More generally, laws such as the Animal Welfare Act (AWA) or local anti-cruelty statutes have been written or amended as our own relationships with animals evolve. The AWA, for example, has been amended quite a few times, broadening its depth and reach with each amendment. This is not to say that laws such as the AWA are not without their flaws — there is plenty to criticize about them — but to claim that the law doesn’t evolve is simply false. In fact, in 1970 the law was “expanded to include warm-blooded animals generally used for research, testing, experimentation or exhibition, or as pets.” It was amended again in 1976, 1985, 1990, 2002, 2008, and may very well be amended again if the AWARE Act (The Animal Welfare in Agricultural Research Endeavors Act) gets passed. The AWARE Act was introduced after the New York Times broke the story of egregious abuses happening in the name of “experimentation” to farm animals at a US federal research facility. If this bill is approved, the protections of the AWA will reach farm animals at federal research facilities. Currently, they are excluded.
An interesting and worthwhile discussion of animals and legal rights can be found here, in David Favre’s law review article, “Living Property: A New Status for Animals Within the Legal System,” published in 2010 in Marquette Law Review.
Back to Murphy. He writes in his article:
[Animals] must be treated and handled humanely according to applicable local, state and federal laws, but they’re not people and they have no legal rights, no standing in court and no recognition as creatures possessing the same status as their owners.
What an oversimplification.

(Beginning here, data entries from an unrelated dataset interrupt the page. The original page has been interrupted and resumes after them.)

lemma p_dvd_numerator_iff:
  assumes "p_integral p x"
  shows "int p dvd fst (quotient_of x) \<longleftrightarrow> (\<exists>c. p_integral p c \<and> x = of_nat p * c)"
proof -
  obtain u v where q: "quotient_of x = (u, v)" by fastforce
  show ?thesis
  proof
    assume "int p dvd fst (quotient_of x)"
    then obtain w where "u = int p * w" using q by (auto elim: dvdE)
    then have "x = of_nat p * (of_int w / of_int v)" using quotient_of_div[OF q] by simp
    moreover have "p_integral p (of_int w / of_int v)"
    proof (rule p_integralI[where a=w])
      show "v > 0" using q by (rule quotient_of_denom_pos)
      show "coprime v (int p)" using assms by (simp add: p_integral_def q)
    qed simp
    ultimately show "\<exists>c. p_integral p c \<and> x = of_nat p * c" by blast
  next
    assume "\<exists>c. p_integral p c \<and> x = of_nat p * c"
    then obtain c where "p_integral p c" and xc: "x = of_nat p * c" by blast
    then obtain s t where "t > 0" and t: "coprime t (int p)" and "c = of_int s / of_int t"
      by (auto elim: p_integralE)
    then have "x = of_int (int p * s) / of_int t" using xc by simp
    then have "u * t = int p * s * v" using quotient_of_cross_eq[OF q] \<open>t > 0\<close> by simp
    then have "int p dvd u * t" by (metis dvd_triv_left mult.assoc)
    moreover have "coprime (int p) t" using t by (rule coprime_commute[THEN iffD1])
    ultimately have "int p dvd u" using coprime_dvd_mult_left_iff by blast
    then show "int p dvd fst (quotient_of x)" using q by simp
  qed
qed

lemma rat_congI:
  assumes "p_integral p a" and "p_integral p b" and "p_integral p c" and "a - b = of_nat p * c"
  shows "rat_cong a b p"
  unfolding rat_cong_def
  using assms p_dvd_numerator_iff[OF p_integral_diff[OF assms(1,2)]] by blast

lemma rat_congE:
  assumes "rat_cong a b p"
  obtains c where "p_integral p a" "p_integral p b" "p_integral p c" "a - b = of_nat p * c"
  using assms p_dvd_numerator_iff[of p "a - b"] p_integral_diff[of p a b]
  unfolding rat_cong_def by blast

lemma rat_cong_refl: "p_integral p a \<Longrightarrow> rat_cong a a p"
  by (rule rat_congI[where c=0]) simp_all

lemma rat_cong_sym:
  assumes "rat_cong a b p"
  shows "rat_cong b a p"
proof -
  obtain c where "p_integral p a" "p_integral p b" "p_integral p c" "a - b = of_nat p * c"
    using assms by (rule rat_congE)
  then show ?thesis by (intro rat_congI[where c="- c"]) (simp_all add: p_integral_minus)
qed

lemma rat_cong_trans:
  assumes "rat_cong a b p" and "rat_cong b c p"
  shows "rat_cong a c p"
proof -
  obtain d where "p_integral p a" "p_integral p d" "a - b = of_nat p * d"
    using assms(1) by (rule rat_congE)
  moreover obtain e where "p_integral p c" "p_integral p e" "b - c = of_nat p * e"
    using assms(2) by (rule rat_congE)
  ultimately show ?thesis
    by (intro rat_congI[where c="d + e"] p_integral_add) (simp_all add: algebra_simps)
qed

lemma rat_cong_add:
  assumes "rat_cong a b p" and "rat_cong c d p"
  shows "rat_cong (a + c) (b + d) p"
proof -
  obtain e where "p_integral p a" "p_integral p b" "p_integral p e" "a - b = of_nat p * e"
    using assms(1) by (rule rat_congE)
  moreover obtain f where "p_integral p c" "p_integral p d" "p_integral p f" "c - d = of_nat p * f"
    using assms(2) by (rule rat_congE)
  ultimately show ?thesis
    by (intro rat_congI[where c="e + f"] p_integral_add) (simp_all add: algebra_simps)
qed

lemma rat_cong_mult:
  assumes "rat_cong a b p" and "rat_cong c d p"
  shows "rat_cong (a * c) (b * d) p"
proof -
  obtain e where "p_integral p a" "p_integral p b" "p_integral p e" and e: "a - b = of_nat p * e"
    using assms(1) by (rule rat_congE)
  moreover obtain f where "p_integral p c" "p_integral p d" "p_integral p f" and f: "c - d = of_nat p * f"
    using assms(2) by (rule rat_congE)
  moreover have "a * c - b * d = of_nat p * (e * c + b * f)"
    using e f by (simp add: algebra_simps flip: right_diff_distrib)
  ultimately show ?thesis
    by (intro rat_congI[where c="e * c + b * f"] p_integral_add p_integral_mult) simp_all
qed

lemma rat_cong_minus: "rat_cong a b p \<Longrightarrow> rat_cong (- a) (- b) p"
  using rat_cong_mult[OF rat_cong_refl[OF p_integral_of_int[of p "-1"]]] by simp

lemma rat_cong_sum:
  "(\<And>i. i \<in> A \<Longrightarrow> rat_cong (f i) (g i) p) \<Longrightarrow> rat_cong (sum f A) (sum g A) p"
  by (induction A rule: infinite_finite_induct) (auto intro: rat_cong_refl rat_cong_add)

lemma rat_cong_power: "rat_cong a b p \<Longrightarrow> rat_cong (a ^ n) (b ^ n) p"
  by (induction n) (auto intro: rat_cong_refl rat_cong_mult)

lemma rat_cong_div_neg_inverse:
  assumes "prime p" and "p dvd a * j + k" and "\<not> p dvd k" and "\<not> p dvd j"
  shows "rat_cong (of_nat a / of_nat k) (- 1 / of_nat j) p"
proof -
  obtain r where r: "a * j + k = p * r" using assms(2) by (auto elim: dvdE)
  have "k \<noteq> 0" using assms(3) by (rule contrapos_nn) simp
  have "j \<noteq> 0" using assms(4) by (rule contrapos_nn) simp
  have "\<not> p dvd k * j" using assms by (simp add: prime_dvd_mult_iff)
  show ?thesis
  proof (rule rat_congI)
    have "of_nat a / of_nat k - (- 1 / of_nat j) = (of_nat (a * j + k) / of_nat (k * j) :: rat)"
      using \<open>k \<noteq> 0\<close> \<open>j \<noteq> 0\<close> by (simp add: field_simps)
    also have "\<dots> = of_nat p * (of_nat r / of_nat (k * j))" by (simp add: r)
    finally show "of_nat a / of_nat k - (- 1 / of_nat j) = of_nat p * (of_nat r / of_nat (k * j) :: rat)" .
    show "p_integral p (of_nat r / of_nat (k * j))"
      using assms(1) \<open>\<not> p dvd k * j\<close> p_integral_of_nat by (rule p_integral_divide_of_nat)
    show "p_integral p (of_nat a / of_nat k)"
      using assms(1,3) p_integral_of_nat by (rule p_integral_divide_of_nat)
    show "p_integral p (- 1 / of_nat j)"
      using p_integral_minus[OF p_integral_inverse_of_nat[OF assms(1,4)]] by simp
  qed
qed

declare bernoulli_num.simps [simp del]

lemma bernoulli_num_0 [simp]: "bernoulli_num 0 = 1"
  by (simp add: bernoulli_num.simps)

lemma bernoulli_num_eq:
  "n > 0 \<Longrightarrow>
     bernoulli_num n = - (\<Sum>k<n. of_nat (Suc n choose k) * bernoulli_num k) / of_nat (Suc n)"
proof -
  have "(\<Sum>k<n. of_nat (Suc n choose k) * (if k < n then bernoulli_num k else 0))
      = (\<Sum>k<n. of_nat (Suc n choose k) * bernoulli_num k)"
    by (rule sum.cong) auto
  moreover assume "n > 0"
  ultimately show ?thesis by (subst bernoulli_num.simps) simp
qed

lemma bernoulli_num_sum_eq_0:
  assumes "n \<ge> 2"
  shows "(\<Sum>k<n. of_nat (n choose k) * bernoulli_num k) = 0"
proof -
  obtain n' where n: "n = Suc n'" "n' > 0" using assms by (cases n) auto
  have "(\<Sum>k<n. of_nat (n choose k) * bernoulli_num k)
     = (\<Sum>k<n'. of_nat (Suc n' choose k) * bernoulli_num k) + of_nat (Suc n') * bernoulli_num n'"
    using n by simp
  also have "\<dots> = 0" using bernoulli_num_eq[OF n(2)] by (simp add: field_simps del: of_nat_Suc)
  finally show ?thesis .
qed

lemma p_integral_bernoulli_num:
  assumes "prime p" and "k + 1 < p"
  shows "p_integral p (bernoulli_num k)"
  using assms(2)
proof (induction k rule: less_induct)
  case (less k)
  show ?case
  proof (cases "k = 0")
    case False
    have "\<not> p dvd Suc k" using less.prems by (simp add: nat_dvd_not_less)
    moreover have "p_integral p (- (\<Sum>i<k. of_nat (Suc k choose i) * bernoulli_num i))"
      using less assms(1) by (auto intro!: p_integral_minus p_integral_sum p_integral_mult)
    ultimately have "p_integral p
        (- (\<Sum>i<k. of_nat (Suc k choose i) * bernoulli_num i) / of_nat (Suc k))"
      using assms(1) by (intro p_integral_divide_of_nat)
    moreover have "k > 0" using False by simp
    ultimately show ?thesis by (simp only: bernoulli_num_eq)
  qed simp
qed

lemma bernoulli_poly_altdef:
  "bernoulli_poly n x = (\<Sum>k\<le>n. of_nat (n choose k) * bernoulli_num (n - k) * x ^ k)"
  unfolding bernoulli_poly_def
  by (rule sum.reindex_bij_witness[where i="\<lambda>k. n - k" and j="\<lambda>k. n - k"])
     (auto simp: binomial_symmetric[symmetric])

lemma bernoulli_poly_0 [simp]: "bernoulli_poly n 0 = bernoulli_num n"
  unfolding bernoulli_poly_altdef by (simp add: zero_power)

lemma bernoulli_poly_1: "bernoulli_poly n 1 = bernoulli_num n + (if n = 1 then 1 else 0)"
proof -
  have "bernoulli_poly n 1 = (\<Sum>k<n. of_nat (n choose k) * bernoulli_num k) + bernoulli_num n"
    unfolding bernoulli_poly_def by (simp add: lessThan_Suc_atMost[symmetric])
  moreover have "(\<Sum>k<n. of_nat (n choose k) * bernoulli_num k) = (if n = 1 then 1 else 0)"
  proof (cases "n \<ge> 2")
    case False
    then have "n = 0 \<or> n = 1" by auto
    then show ?thesis by auto
  qed (simp add: bernoulli_num_sum_eq_0)
  ultimately show ?thesis by simp
qed

lemma bernoulli_poly_minus_bernoulli_num:
  "bernoulli_poly n x - bernoulli_num n = (\<Sum>k<n. of_nat (n choose k) * bernoulli_num k * x ^ (n - k))"
  unfolding bernoulli_poly_def by (simp add: lessThan_Suc_atMost[symmetric])

lemma bernoulli_poly_add_inner_sum:
  assumes "i \<le> n"
  shows "(\<Sum>k\<le>n. of_nat (n choose k) * of_nat (k choose i) * bernoulli_num (n - k) * y ^ (k - i))
     = of_nat (n choose i) * bernoulli_poly (n - i) y"
proof -
  have "(\<Sum>k\<le>n. of_nat (n choose k) * of_nat (k choose i) * bernoulli_num (n - k) * y ^ (k - i))
     = (\<Sum>k\<in>{i..n}. of_nat (n choose k) * of_nat (k choose i) * bernoulli_num (n - k) * y ^ (k - i))"
    by (rule sum.mono_neutral_right) auto
  also have "\<dots> = (\<Sum>k\<in>{i..n}. of_nat (n choose i) *
      (of_nat ((n - i) choose (k - i)) * bernoulli_num ((n - i) - (k - i)) * y ^ (k - i)))"
  proof (rule sum.cong)
    fix k assume k: "k \<in> {i..n}"
    then have "(n choose k) * (k choose i) = (n choose i) * ((n - i) choose (k - i))"
      using choose_mult[of i k n] by auto
    then have "(of_nat (n choose k) * of_nat (k choose i) :: rat)
        = of_nat (n choose i) * of_nat ((n - i) choose (k - i))"
      by (metis of_nat_mult)
    moreover have "n - k = (n - i) - (k - i)" using k by auto
    ultimately show "of_nat (n choose k) * of_nat (k choose i) * bernoulli_num (n - k) * y ^ (k - i)
       = of_nat (n choose i) * (of_nat ((n - i) choose (k - i)) * bernoulli_num ((n - i) - (k - i)) * y ^ (k - i))"
      by (simp add: mult.assoc)
  qed simp
  also have "\<dots> = of_nat (n choose i) *
      (\<Sum>l\<le>n - i. of_nat ((n - i) choose l) * bernoulli_num ((n - i) - l) * y ^ l)"
    unfolding sum_distrib_left
    by (rule sum.reindex_bij_witness[where i="\<lambda>l. l + i" and j="\<lambda>k. k - i"]) (use assms in auto)
  finally show ?thesis unfolding bernoulli_poly_altdef .
qed

lemma bernoulli_poly_add:
  "bernoulli_poly n (x + y) = (\<Sum>i\<le>n. of_nat (n choose i) * bernoulli_poly (n - i) y * x ^ i)"
proof -
  have binomial: "(x + y) ^ k = (\<Sum>i\<le>n. of_nat (k choose i) * x ^ i * y ^ (k - i))" if "k \<le> n" for k
    unfolding binomial_ring by (rule sum.mono_neutral_left) (use that in auto)
  have "bernoulli_poly n (x + y) = (\<Sum>k\<le>n. of_nat (n choose k) * bernoulli_num (n - k) *
      (\<Sum>i\<le>n. of_nat (k choose i) * x ^ i * y ^ (k - i)))"
    unfolding bernoulli_poly_altdef by (intro sum.cong) (auto simp: binomial)
  also have "\<dots> = (\<Sum>i\<le>n. x ^ i *
      (\<Sum>k\<le>n. of_nat (n choose k) * of_nat (k choose i) * bernoulli_num (n - k) * y ^ (k - i)))"
    unfolding sum_distrib_left sum_distrib_right
    by (subst sum.swap) (auto intro!: sum.cong simp: ac_simps)
  also have "\<dots> = (\<Sum>i\<le>n. of_nat (n choose i) * bernoulli_poly (n - i) y * x ^ i)"
    by (intro sum.cong) (auto simp: bernoulli_poly_add_inner_sum)
  finally show ?thesis .
qed

lemma bernoulli_poly_succ_diff:
  assumes "n > 0"
  shows "bernoulli_poly n (x + 1) - bernoulli_poly n x = of_nat n * x ^ (n - 1)"
proof -
  have "bernoulli_poly n (x + 1) - bernoulli_poly n (x + 0) = (\<Sum>i\<le>n.
      of_nat (n choose i) * (bernoulli_poly (n - i) 1 - bernoulli_poly (n - i) 0) * x ^ i)"
    unfolding bernoulli_poly_add sum_subtractf[symmetric] by (intro sum.cong) (auto simp: algebra_simps)
  also have "\<dots> = (\<Sum>i\<le>n. if i = n - 1 then of_nat n * x ^ (n - 1) else 0)"
    using assms binomial_symmetric[of 1 n] by (intro sum.cong) (auto simp: bernoulli_poly_1)
  also have "\<dots> = of_nat n * x ^ (n - 1)" using assms by simp
  finally show ?thesis by simp
qed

There are so many exceptions and loopholes to existing, applicable laws that in many instances cruelty against animals is permitted. For example, the AWA only protects those animals that are defined as such under the law’s definition of “animal.” Consequently, under §2132(g)(3) of the Act, there are explicit exemptions for farm animals and horses not used in research. And the vast majority of animals used for research — 90 – 95% are in fact excluded from the Act’s protections.
Additionally, laws do not necessarily guarantee the most humane way of handling an animal. Using the AWA as an example again, the act prohibits unnecessary cruelty on the animal during experimentation, but that is the only restriction. For the purposes of analysis here, “unnecessary cruelty” means “gratuitous” pain. Thus, a lot of experimentation is permissible under the law. Or another example: Chickens are exempt from the Humane Methods of Slaughter Act, which is a federal law governing the way animals are killed for food. As a result, over 90% of all animals killed for food are not given the same federal protections as other food animals.

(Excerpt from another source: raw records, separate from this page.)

(* Let $\mathcal{R}$ be a PTRS and let $\mathfrak{P}=(V,E,L_{\mathcal{A}},L_{\mathcal{C}})$ be a well-formed solved proof tree whose root $v_1$ satisfies $L_{\mathcal{A}}(v_1)=\langle\mathcal{A}(\mathcal{R}),\mathcal{A}(\mathcal{R})\rangle$. Then $\iota_{\mathcal{R}}\sqsubseteq\max\{L_{\mathcal{C}}(v)\mid v\in V\}$.
   Context: PTRS: a finite set $\mathcal{R}$ of rules $\ell\to\{p_1:r_1,\dots,p_k:r_k\}$ over a finite signature $\Sigma$, $\ell$ not a variable, $0<p_j\le1$, $\sum p_j=1$, $\mathcal{V}(r_j)\subseteq\mathcal{V}(\ell)$. Defined symbols $\mathcal{D}$ = roots of left-hand sides; basic terms are $f(t_1,\dots,t_k)$ with $f\in\mathcal{D}$ and $t_i$ containing no defined symbols; $|t|$ is term size. Innermost rewriting: $s\to_{\mathcal{R}}\{p_j:s[r_j\sigma]_\pi\}$ if $s|_\pi=\ell\sigma$ and all proper subterms of $\ell\sigma$ are $\mathcal{R}$-normal forms. A rewrite sequence tree (RST) is a possibly infinite, finitely branching tree with nodes labeled $(p_v:t_v)$, root probability 1, and $t_v\to_{\mathcal{R}}\{\tfrac{p_w}{p_v}:t_w\}_{w\text{ child}}$ for inner nodes; $\operatorname{edl}(\mathfrak{T})=\sum_{v\text{ inner}}p_v$; $\operatorname{edh}_{\mathcal{R}}(t)=\sup$ of $\operatorname{edl}$ over RSTs with root $t$; $\operatorname{eirc}_{\mathcal{R}}(n)=\sup\{\operatorname{edh}_{\mathcal{R}}(t)\mid t\text{ basic},|t|\le n\}$; $\iota_{\mathcal{R}}=\iota(\operatorname{eirc}_{\mathcal{R}})$. Complexities $\mathfrak{C}=\{\mathrm{Pol}_0,\mathrm{Pol}_1,\dots,\mathrm{Exp},\mathrm{2\text{-}Exp},\mathrm{Fin},\omega\}$ ordered $\mathrm{Pol}_0\sqsubset\mathrm{Pol}_1\sqsubset\dots\sqsubset\mathrm{Exp}\sqsubset\mathrm{2\text{-}Exp}\sqsubset\mathrm{Fin}\sqsubset\omega$, $\oplus$ = maximum; $\iota(f)=\mathrm{Pol}_a$ for least $a$ with $f\in O(n^a)$, else $\mathrm{Exp}$ if $f\in O(2^{\mathrm{pol}(n)})$, else $\mathrm{2\text{-}Exp}$ if $f\in O(2^{2^{\mathrm{pol}(n)}})$, else $\mathrm{Fin}$ if $f$ never equals $\omega$, else $\omega$. Annotated dependency pairs: fresh symbols $f^\sharp$ for $f\in\mathcal{D}$; $\flat$ removes annotations, $\sharp_{\mathcal{D}}(t)$ annotates all defined symbols, $\flat^\uparrow_\pi$ removes annotations strictly above $\pi$, $t^\sharp$ annotates the root. An ADP is $\ell\to\{p_1:r_1,\dots,p_k:r_k\}^m$ with $r_j$ possibly annotated and flag $m\in\{\mathsf{true},\mathsf{false}\}$. $\mathcal{A}(\mathcal{R})=\{\ell\to\{p_1:\sharp_{\mathcal{D}}(r_1),\dots,p_k:\sharp_{\mathcal{D}}(r_k)\}^{\mathsf{true}}\mid \ell\to\{p_1:r_1,\dots\}\in\mathcal{R}\}$. Rewriting with a set $\mathcal{P}$ of ADPs: at a position $\pi$ with defined or annotated symbol, ADP $\ell\to\{p_j:r_j\}^m\in\mathcal{P}$, $\sigma$ with $\flat(s|_\pi)=\ell\sigma$ having only normal-form proper subterms: $t_j=s[r_j\sigma]_\pi$ (at: $m=\mathsf{true}$, $\pi$ annotated), $s[\flat(r_j)\sigma]_\pi$ (nt), $\flat^\uparrow_\pi(s[r_j\sigma]_\pi)$ (af: $m=\mathsf{false}$, annotated), $\flat^\uparrow_\pi(s[\flat(r_j)\sigma]_\pi)$ (nf). $\mathcal{P}$-chain trees are defined like RSTs with this relation. For $\mathcal{S}\subseteq\mathcal{P}$: $\operatorname{edl}_{\langle\mathcal{P},\mathcal{S}\rangle}(\mathfrak{T})$ sums $p_v$ over inner nodes rewritten by (at)/(af)-steps with ADPs from $\mathcal{S}$; $\operatorname{edh}_{\langle\mathcal{P},\mathcal{S}\rangle}(t)$ = supremum over chain trees with root $t^\sharp$ for basic $t$; $\iota_{\langle\mathcal{P},\mathcal{S}\rangle}=\iota(n\mapsto\sup\{\operatorname{edh}_{\langle\mathcal{P},\mathcal{S}\rangle}(t)\mid t\text{ basic},|t|\le n\})$. ADP problems $\langle\mathcal{P},\mathcal{S}\rangle$ ($\mathcal{S}\subseteq\mathcal{P}$, solved iff $\mathcal{S}=\emptyset$); processors map an ADP problem to a complexity and a finite set of ADP problems. A proof tree $(V,E,L_{\mathcal{A}},L_{\mathcal{C}})$ is a finite tree labeling nodes with ADP problems and complexities such that at each inner node $v$ with children $w_i$ some processor maps $L_{\mathcal{A}}(v)$ to $(L_{\mathcal{C}}(v),\{L_{\mathcal{A}}(w_i)\})$, and leaves carry $\mathrm{Pol}_0$ if solved, $\omega$ otherwise; it is solved if all leaf problems are solved. It is well formed if for every node $v$ with $L_{\mathcal{A}}(v)=\langle\mathcal{P},\mathcal{S}\rangle$ and root path $v_1,\dots,v_k=v$: $\iota_{\langle\mathcal{P},\mathcal{S}\rangle}\sqsubseteq L_{\mathcal{C}}(v_1)\oplus\dots\oplus L_{\mathcal{C}}(v_{k-1})\oplus\max\{L'_{\mathcal{C}}(w)\mid w$ reachable from $v$ including $v\}$ and $\iota_{\langle\mathcal{P},\mathcal{P}\setminus\mathcal{S}\rangle}\sqsubseteq L_{\mathcal{C}}(v_1)\oplus\dots\oplus L_{\mathcal{C}}(v_{k-1})$, with $L'_{\mathcal{C}}=L_{\mathcal{C}}$ on inner nodes and $L'_{\mathcal{C}}(w)=\iota_{L_{\mathcal{A}}(w)}$ on leaves (empty $\oplus$ is $\mathrm{Pol}_0$). *)

theory Defs
  imports Complex_Main "HOL-Library.Extended_Nonnegative_Real" "HOL-Library.Product_Lexorder"
begin

datatype (funs_trm: 'f, vars_trm: 'v) trm = Var 'v | Fun 'f "('f,'v) trm list"

primrec tsize :: "('f,'v) trm \<Rightarrow> nat" where
  "tsize (Var x) = 1"
| "tsize (Fun f ts) = Suc (sum_list (map tsize ts))"

fun wf_trm :: "('f \<times> nat) set \<Rightarrow> ('f,'v) trm \<Rightarrow> bool" where
  "wf_trm \<Sigma> (Var x) = True"
| "wf_trm \<Sigma> (Fun f ts) = ((f, length ts) \<in> \<Sigma> \<and> (\<forall>t\<in>set ts. wf_trm \<Sigma> t))"

primrec subst :: "('v \<Rightarrow> ('f,'w) trm) \<Rightarrow> ('f,'v) trm \<Rightarrow> ('f,'w) trm" where
  "subst \<sigma> (Var x) = \<sigma> x"
| "subst \<sigma> (Fun f ts) = Fun f (map (subst \<sigma>) ts)"

inductive is_pos :: "('f,'v) trm \<Rightarrow> nat list \<Rightarrow> bool" where
  "is_pos t []"
| "i < length ts \<Longrightarrow> is_pos (ts ! i) p \<Longrightarrow> is_pos (Fun f ts) (i # p)"

fun subt_at :: "('f,'v) trm \<Rightarrow> nat list \<Rightarrow> ('f,'v) trm" where
  "subt_at t [] = t"
| "subt_at (Var x) (i # p) = Var x"
| "subt_at (Fun f ts) (i # p) = subt_at (ts ! i) p"

fun replace_at :: "('f,'v) trm \<Rightarrow> nat list \<Rightarrow> ('f,'v) trm \<Rightarrow> ('f,'v) trm" where
  "replace_at t [] s = s"
| "replace_at (Var x) (i # p) s = Var x"
| "replace_at (Fun f ts) (i # p) s = Fun f (ts[i := replace_at (ts ! i) p s])"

Furthermore, local anti-cruelty laws routinely exempt farm animals. This is one reason why ag-gag bills are so dangerous. Right at this moment, 36 states expressly exempt “customary” farming practices from their anti-cruelty statutes. As a result, agribusiness determines which farming practices are cruel or not. And so-called “ag-gag” bills seek to punish whistleblowers who expose cruelty at farms.
According to Murphy, the case is closed. Luckily for the animals, Murphy is wrong.